• Prompt: Return all lines from the listing below that include the word "convex".

═════ Entries provided

(* Let $\mathbf{X},\mathbf{X}_1,\ldots,\mathbf{X}_n$ be i.i.d. samples from a continuous density $f$ which is bounded away from zero and infinity on $[0,1]^p$. If $\mathbf{X}$ lies inside the convex hull of $\mathbf{X}_1,\ldots,\mathbf{X}_n$, let $\mathbf{X}_{(1)}$ be any one of the vertices of the simplex of the Delaunay triangulation of $\{\mathbf{X}_1,\ldots,\mathbf{X}_n\}$ covering $\mathbf{X}$; otherwise let $\mathbf{X}_{(1)}$ be the nearest neighbour of $\mathbf{X}$ among $\mathbf{X}_1,\ldots,\mathbf{X}_n$. Then $\mathbf{X}_{(1)}\to\mathbf{X}$ in probability as $n\to\infty$.
   Context: The Delaunay triangulation of a finite point set in general position in $\mathbb{R}^p$ is the unique triangulation of its convex hull into $p$-simplices with vertices in the set such that no point of the set lies inside the circumscribed sphere of any simplex. *)

theory Defs
  imports "HOL-Probability.Probability"
begin

definition delaunay_simplex :: "'a::euclidean_space set \<Rightarrow> 'a set \<Rightarrow> bool" where
  "delaunay_simplex P S \<longleftrightarrow>
     S \<subseteq> P \<and> card S = DIM('a) + 1 \<and> \<not> affine_dependent S \<and>
     (\<exists>c r. (\<forall>v\<in>S. dist c v = r) \<and> (\<forall>q\<in>P. r \<le> dist c q))"
lemma card_points_3: "card (points 3 :: (nat \<Rightarrow> 'a) set set) = 40"
  using card_points[where 'a = 'a and N = 3] card_UNIV by simp

lemma msize_le_griesmer:
  fixes K :: "(nat \<Rightarrow> 'a) set \<Rightarrow> nat"
  assumes bounded: "bounded_on_subspaces 3 1 K w"
  shows "msize 3 K + 12 * ((w + 3) div 4) \<le> 13 * w"
proof -
  define M where "M = Max (K ` points 3)"
  have "points 3 \<noteq> ({} :: (nat \<Rightarrow> 'a) set set)"
    using card_points_3 by auto
  then have "M \<in> K ` points 3"
    unfolding M_def by (intro Max_in) simp_all
  then obtain P where "P \<in> points 3" "K P = M"
    by auto
  then obtain u where u: "u \<in> vecs 3" "u \<noteq> 0" "K (point_of u) = M"
    by (auto simp: points_eq)
  have "K P \<le> M" if "P \<in> points 3" for P
    unfolding M_def using that by simp
  then have "msize 3 K \<le> card (points 3 :: (nat \<Rightarrow> 'a) set set) * M"
    unfolding msize_def using sum_bounded_above[of "points 3" K M] by simp
  then have few_points: "msize 3 K \<le> 40 * M"
    by (simp add: card_points_3)
  have star: "2 * msize 3 K + 26 * M \<le> 26 * w + 2 * M"
    using point_star_bound[OF bounded u(1,2)] u(3) by simp
  note ceil = div_4_ceiling_bounds[of w]
  show ?thesis
  proof (cases "w \<le> 4 * M")
    case True
    then have "(w + 3) div 4 \<le> M"
      using ceil by linarith
    with star show ?thesis by linarith
  next
    case False
    with few_points ceil show ?thesis by linarith
  qed
qed

lemma mult_of_line_uniform:
  assumes "x \<in> vecs N" "y \<in> vecs N" "lin_indep [x, (y :: nat \<Rightarrow> 'a)]"
  shows "mult_of N (\<lambda>_. 1) (span_list [x, y]) = 4"
  using mult_of_line[OF assms] by simp

lemma mult_of_line_off_hyperplane_le:
  assumes "x \<in> vecs N" "y \<in> vecs N" "lin_indep [x, (y :: nat \<Rightarrow> 'a)]"
  shows "mult_of N (\<lambda>P. of_bool (\<exists>v\<in>P. v k \<noteq> 0)) (span_list [x, y]) \<le> 3"
proof -
  have "x k = 0 \<or> y k = 0 \<or> x k + y k = 0 \<or> x k - y k = 0"
    using nonzero_eq_or_opposite[of "x k" "y k"] by auto
  then show ?thesis
    using mult_of_line[OF assms] by (auto simp: point_of_off_hyperplane_iff)
qed

lemma msize_off_hyperplane: "msize 3 (\<lambda>P. of_bool (\<exists>v\<in>P. v 0 \<noteq> (0::'a))) = 27"
proof -
  have "vec_mult (\<lambda>P. of_bool (\<exists>v\<in>P. v 0 \<noteq> 0)) x = of_bool (x 0 \<noteq> (0::'a))" for x
    by (cases "x = 0") (simp_all add: vec_mult_nonzero point_of_off_hyperplane_iff)
  then have "2 * msize 3 (\<lambda>P. of_bool (\<exists>v\<in>P. v 0 \<noteq> (0::'a))) = card (vecs 3 - {x. x 0 = (0::'a)})"
    by (simp add: double_msize Diff_eq Collect_neg_eq[symmetric])
  also have "\<dots> = card (vecs 3 :: (nat \<Rightarrow> 'a) set) - card {x \<in> vecs 3. x 0 = (0::'a)}"
    by (subst card_Diff_subset[symmetric]) (auto intro: arg_cong[where f = card])
  also have "\<dots> = 54"
    using card_vecs_vanishing_on[of "{0}" 3, where 'a = 'a] card_UNIV by (simp add: card_vecs)
  finally show ?thesis by simp
qed

lemma griesmer_construction:
  fixes P\<^sub>0 :: "(nat \<Rightarrow> 'a) set" and a b c :: nat
  assumes "P\<^sub>0 \<in> points 3"
  defines "K \<equiv> \<lambda>P. a + b * of_bool (P = P\<^sub>0) + c * of_bool (\<exists>v\<in>P. v 0 \<noteq> 0)"
  shows "bounded_on_subspaces 3 1 K (4 * a + b + 3 * c)" "msize 3 K = 40 * a + b + 27 * c"
proof -
  have K_eq: "K = (\<lambda>P. a * 1 + b * of_bool (P = P\<^sub>0) + c * of_bool (\<exists>v\<in>P. v 0 \<noteq> 0))"
    by (simp add: K_def)
  have mult_of_K: "mult_of 3 K S = a * mult_of 3 (\<lambda>_. 1) S + b * mult_of 3 (\<lambda>P. of_bool (P = P\<^sub>0)) S
      + c * mult_of 3 (\<lambda>P. of_bool (\<exists>v\<in>P. v 0 \<noteq> 0)) S" for S
    unfolding K_eq by (simp only: mult_of_add mult_of_cmult)
  show "bounded_on_subspaces 3 1 K (4 * a + b + 3 * c)"
    unfolding bounded_on_subspaces_def proj_line_iff
  proof (clarify)
    fix x y :: "nat \<Rightarrow> 'a" assume line: "x \<in> vecs 3" "y \<in> vecs 3" "lin_indep [x, y]"
    show "mult_of 3 K (span_list [x, y]) \<le> 4 * a + b + 3 * c"
      unfolding mult_of_K mult_of_line_uniform[OF line]
      using mult_of_point_indicator_le[of 3 P\<^sub>0 "span_list [x, y]"]
        mult_of_line_off_hyperplane_le[OF line, of 0]
      by (intro add_mono mult_left_mono) simp_all
  qed
  have "msize 3 (\<lambda>_ :: (nat \<Rightarrow> 'a) set. 1 :: nat) = card (points 3 :: (nat \<Rightarrow> 'a) set set)"
    by (simp add: msize_def)
  then show "msize 3 K = 40 * a + b + 27 * c"
    unfolding K_eq msize_add msize_cmult
    using assms(1) by (simp add: msize_point_indicator msize_off_hyperplane card_points_3)
qed

lemma griesmer_attained:
  assumes "3 \<le> w"
  shows "\<exists>K :: (nat \<Rightarrow> 'a) set \<Rightarrow> nat.
           bounded_on_subspaces 3 1 K w \<and> msize 3 K + 12 * ((w + 3) div 4) = 13 * w"
proof -
  have "points 3 \<noteq> ({} :: (nat \<Rightarrow> 'a) set set)"
    using card_points_3 by auto
  then obtain P\<^sub>0 :: "(nat \<Rightarrow> 'a) set" where P\<^sub>0: "P\<^sub>0 \<in> points 3"
    by blast
  note construction = griesmer_construction[OF P\<^sub>0]
  define k where "k = w div 4"
  have "w mod 4 < 4" by simp
  then have "w = 4 * k \<or> w = 4 * k + 1 \<or> w = 4 * k + 2 \<or> w = 4 * k + 3"
    using mult_div_mod_eq[of 4 w] unfolding k_def by linarith
  then consider "w = 4 * k" | "w = 4 * k + 1" | "w = 4 * k + 2" | "w = 4 * k + 3"
    by blast
  then show ?thesis
  proof cases
    case 1
    then show ?thesis using construction[of k 0 0] by auto
  next
    case 2
    then show ?thesis using construction[of k 1 0] by auto
  next
    case 3
    with assms have "w = 4 * (k - 1) + 0 + 3 * 2" by auto
    with \<open>w = 4 * k + 2\<close> show ?thesis using construction[of "k - 1" 0 2] by auto
  next
    case 4
    then show ?thesis using construction[of k 0 1] by auto
  qed
qed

══════════

• Response box:
(* Let $\mathbf{X},\mathbf{X}_1,\ldots,\mathbf{X}_n$ be i.i.d. samples from a continuous density $f$ which is bounded away from zero and infinity on $[0,1]^p$. If $\mathbf{X}$ lies inside the convex hull of $\mathbf{X}_1,\ldots,\mathbf{X}_n$, let $\mathbf{X}_{(1)}$ be any one of the vertices of the simplex of the Delaunay triangulation of $\{\mathbf{X}_1,\ldots,\mathbf{X}_n\}$ covering $\mathbf{X}$; otherwise let $\mathbf{X}_{(1)}$ be the nearest neighbour of $\mathbf{X}$ among $\mathbf{X}_1,\ldots,\mathbf{X}_n$. Then $\mathbf{X}_{(1)}\to\mathbf{X}$ in probability as $n\to\infty$.
   Context: The Delaunay triangulation of a finite point set in general position in $\mathbb{R}^p$ is the unique triangulation of its convex hull into $p$-simplices with vertices in the set such that no point of the set lies inside the circumscribed sphere of any simplex. *)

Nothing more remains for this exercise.